TASK ITEM:
Output the entries underneath exactly as they are.

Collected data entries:
####################

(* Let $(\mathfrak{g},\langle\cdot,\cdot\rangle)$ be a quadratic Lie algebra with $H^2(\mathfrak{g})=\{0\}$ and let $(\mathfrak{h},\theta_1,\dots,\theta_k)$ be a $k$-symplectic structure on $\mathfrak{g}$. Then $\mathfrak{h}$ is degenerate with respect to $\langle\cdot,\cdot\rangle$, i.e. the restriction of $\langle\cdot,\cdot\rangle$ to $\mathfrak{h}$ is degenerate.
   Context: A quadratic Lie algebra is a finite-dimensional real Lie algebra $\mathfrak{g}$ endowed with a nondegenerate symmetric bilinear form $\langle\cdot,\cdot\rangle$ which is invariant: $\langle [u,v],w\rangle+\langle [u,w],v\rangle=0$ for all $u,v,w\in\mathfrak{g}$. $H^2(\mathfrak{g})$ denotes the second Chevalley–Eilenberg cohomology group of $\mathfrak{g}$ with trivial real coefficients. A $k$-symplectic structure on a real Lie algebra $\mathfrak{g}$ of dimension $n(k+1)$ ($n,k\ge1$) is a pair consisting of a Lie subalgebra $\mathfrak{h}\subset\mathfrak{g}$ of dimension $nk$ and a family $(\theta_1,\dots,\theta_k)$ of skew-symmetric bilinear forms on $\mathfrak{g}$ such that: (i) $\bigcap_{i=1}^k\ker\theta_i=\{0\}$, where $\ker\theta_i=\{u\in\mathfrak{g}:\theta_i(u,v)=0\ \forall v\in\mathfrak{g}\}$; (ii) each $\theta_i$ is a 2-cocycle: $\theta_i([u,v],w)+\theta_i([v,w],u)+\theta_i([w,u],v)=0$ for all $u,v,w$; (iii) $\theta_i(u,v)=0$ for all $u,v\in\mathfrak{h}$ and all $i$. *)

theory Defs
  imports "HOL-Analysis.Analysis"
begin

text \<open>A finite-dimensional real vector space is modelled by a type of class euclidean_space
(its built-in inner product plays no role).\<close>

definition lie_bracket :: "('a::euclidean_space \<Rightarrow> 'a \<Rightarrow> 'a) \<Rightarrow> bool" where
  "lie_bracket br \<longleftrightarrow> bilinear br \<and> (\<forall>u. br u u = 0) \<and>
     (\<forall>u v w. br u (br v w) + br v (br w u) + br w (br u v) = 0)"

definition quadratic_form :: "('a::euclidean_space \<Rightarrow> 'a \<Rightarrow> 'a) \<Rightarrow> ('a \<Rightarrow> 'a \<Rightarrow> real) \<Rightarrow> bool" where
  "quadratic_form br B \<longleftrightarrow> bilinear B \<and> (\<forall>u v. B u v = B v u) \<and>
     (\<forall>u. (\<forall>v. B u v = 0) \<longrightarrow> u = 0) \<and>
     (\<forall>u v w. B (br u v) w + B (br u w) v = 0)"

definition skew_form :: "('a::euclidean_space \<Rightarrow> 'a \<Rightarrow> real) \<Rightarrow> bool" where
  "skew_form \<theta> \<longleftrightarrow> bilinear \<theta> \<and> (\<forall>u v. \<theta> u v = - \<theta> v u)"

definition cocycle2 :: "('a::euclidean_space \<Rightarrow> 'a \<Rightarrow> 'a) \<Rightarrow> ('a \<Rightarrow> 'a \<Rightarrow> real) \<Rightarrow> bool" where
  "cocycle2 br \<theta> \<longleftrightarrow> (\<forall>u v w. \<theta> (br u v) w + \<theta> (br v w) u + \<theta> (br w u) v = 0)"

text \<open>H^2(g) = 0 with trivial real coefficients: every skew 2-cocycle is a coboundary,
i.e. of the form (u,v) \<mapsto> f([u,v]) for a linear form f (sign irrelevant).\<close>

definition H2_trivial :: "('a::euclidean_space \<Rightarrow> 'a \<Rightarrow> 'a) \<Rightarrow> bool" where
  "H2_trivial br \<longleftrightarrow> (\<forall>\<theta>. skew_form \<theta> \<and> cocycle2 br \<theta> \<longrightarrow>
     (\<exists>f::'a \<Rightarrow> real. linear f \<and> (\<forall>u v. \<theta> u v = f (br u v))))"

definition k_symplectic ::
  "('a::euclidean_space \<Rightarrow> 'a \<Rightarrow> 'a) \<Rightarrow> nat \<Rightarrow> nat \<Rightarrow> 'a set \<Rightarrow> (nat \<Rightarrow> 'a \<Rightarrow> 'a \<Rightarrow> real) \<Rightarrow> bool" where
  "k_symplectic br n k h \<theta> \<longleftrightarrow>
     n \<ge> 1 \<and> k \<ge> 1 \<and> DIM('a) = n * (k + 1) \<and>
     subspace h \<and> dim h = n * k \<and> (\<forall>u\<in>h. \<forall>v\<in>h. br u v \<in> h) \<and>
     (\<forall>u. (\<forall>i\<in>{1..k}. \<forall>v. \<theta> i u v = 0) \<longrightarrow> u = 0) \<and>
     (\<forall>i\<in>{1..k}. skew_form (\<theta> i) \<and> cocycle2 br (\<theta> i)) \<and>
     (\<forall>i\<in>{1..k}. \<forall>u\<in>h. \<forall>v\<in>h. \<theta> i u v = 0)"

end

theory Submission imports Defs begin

####################

SOLVED PROBLEM:
(* Let $(\mathfrak{g},\langle\cdot,\cdot\rangle)$ be a quadratic Lie algebra with $H^2(\mathfrak{g})=\{0\}$ and let $(\mathfrak{h},\theta_1,\dots,\theta_k)$ be a $k$-symplectic structure on $\mathfrak{g}$. Then $\mathfrak{h}$ is degenerate with respect to $\langle\cdot,\cdot\rangle$, i.e. the restriction of $\langle\cdot,\cdot\rangle$ to $\mathfrak{h}$ is degenerate.
   Context: A quadratic Lie algebra is a finite-dimensional real Lie algebra $\mathfrak{g}$ endowed with a nondegenerate symmetric bilinear form $\langle\cdot,\cdot\rangle$ which is invariant: $\langle [u,v],w\rangle+\langle [u,w],v\rangle=0$ for all $u,v,w\in\mathfrak{g}$. $H^2(\mathfrak{g})$ denotes the second Chevalley–Eilenberg cohomology group of $\mathfrak{g}$ with trivial real coefficients. A $k$-symplectic structure on a real Lie algebra $\mathfrak{g}$ of dimension $n(k+1)$ ($n,k\ge1$) is a pair consisting of a Lie subalgebra $\mathfrak{h}\subset\mathfrak{g}$ of dimension $nk$ and a family $(\theta_1,\dots,\theta_k)$ of skew-symmetric bilinear forms on $\mathfrak{g}$ such that: (i) $\bigcap_{i=1}^k\ker\theta_i=\{0\}$, where $\ker\theta_i=\{u\in\mathfrak{g}:\theta_i(u,v)=0\ \forall v\in\mathfrak{g}\}$; (ii) each $\theta_i$ is a 2-cocycle: $\theta_i([u,v],w)+\theta_i([v,w],u)+\theta_i([w,u],v)=0$ for all $u,v,w$; (iii) $\theta_i(u,v)=0$ for all $u,v\in\mathfrak{h}$ and all $i$. *)

theory Defs
  imports "HOL-Analysis.Analysis"
begin

text \<open>A finite-dimensional real vector space is modelled by a type of class euclidean_space
(its built-in inner product plays no role).\<close>

definition lie_bracket :: "('a::euclidean_space \<Rightarrow> 'a \<Rightarrow> 'a) \<Rightarrow> bool" where
  "lie_bracket br \<longleftrightarrow> bilinear br \<and> (\<forall>u. br u u = 0) \<and>
     (\<forall>u v w. br u (br v w) + br v (br w u) + br w (br u v) = 0)"

definition quadratic_form :: "('a::euclidean_space \<Rightarrow> 'a \<Rightarrow> 'a) \<Rightarrow> ('a \<Rightarrow> 'a \<Rightarrow> real) \<Rightarrow> bool" where
  "quadratic_form br B \<longleftrightarrow> bilinear B \<and> (\<forall>u v. B u v = B v u) \<and>
     (\<forall>u. (\<forall>v. B u v = 0) \<longrightarrow> u = 0) \<and>
     (\<forall>u v w. B (br u v) w + B (br u w) v = 0)"

definition skew_form :: "('a::euclidean_space \<Rightarrow> 'a \<Rightarrow> real) \<Rightarrow> bool" where
  "skew_form \<theta> \<longleftrightarrow> bilinear \<theta> \<and> (\<forall>u v. \<theta> u v = - \<theta> v u)"

definition cocycle2 :: "('a::euclidean_space \<Rightarrow> 'a \<Rightarrow> 'a) \<Rightarrow> ('a \<Rightarrow> 'a \<Rightarrow> real) \<Rightarrow> bool" where
  "cocycle2 br \<theta> \<longleftrightarrow> (\<forall>u v w. \<theta> (br u v) w + \<theta> (br v w) u + \<theta> (br w u) v = 0)"

text \<open>H^2(g) = 0 with trivial real coefficients: every skew 2-cocycle is a coboundary,
i.e. of the form (u,v) \<mapsto> f([u,v]) for a linear form f (sign irrelevant).\<close>

definition H2_trivial :: "('a::euclidean_space \<Rightarrow> 'a \<Rightarrow> 'a) \<Rightarrow> bool" where
  "H2_trivial br \<longleftrightarrow> (\<forall>\<theta>. skew_form \<theta> \<and> cocycle2 br \<theta> \<longrightarrow>
     (\<exists>f::'a \<Rightarrow> real. linear f \<and> (\<forall>u v. \<theta> u v = f (br u v))))"

definition k_symplectic ::
  "('a::euclidean_space \<Rightarrow> 'a \<Rightarrow> 'a) \<Rightarrow> nat \<Rightarrow> nat \<Rightarrow> 'a set \<Rightarrow> (nat \<Rightarrow> 'a \<Rightarrow> 'a \<Rightarrow> real) \<Rightarrow> bool" where
  "k_symplectic br n k h \<theta> \<longleftrightarrow>
     n \<ge> 1 \<and> k \<ge> 1 \<and> DIM('a) = n * (k + 1) \<and>
     subspace h \<and> dim h = n * k \<and> (\<forall>u\<in>h. \<forall>v\<in>h. br u v \<in> h) \<and>
     (\<forall>u. (\<forall>i\<in>{1..k}. \<forall>v. \<theta> i u v = 0) \<longrightarrow> u = 0) \<and>
     (\<forall>i\<in>{1..k}. skew_form (\<theta> i) \<and> cocycle2 br (\<theta> i)) \<and>
     (\<forall>i\<in>{1..k}. \<forall>u\<in>h. \<forall>v\<in>h. \<theta> i u v = 0)"

end

theory Submission imports Defs begin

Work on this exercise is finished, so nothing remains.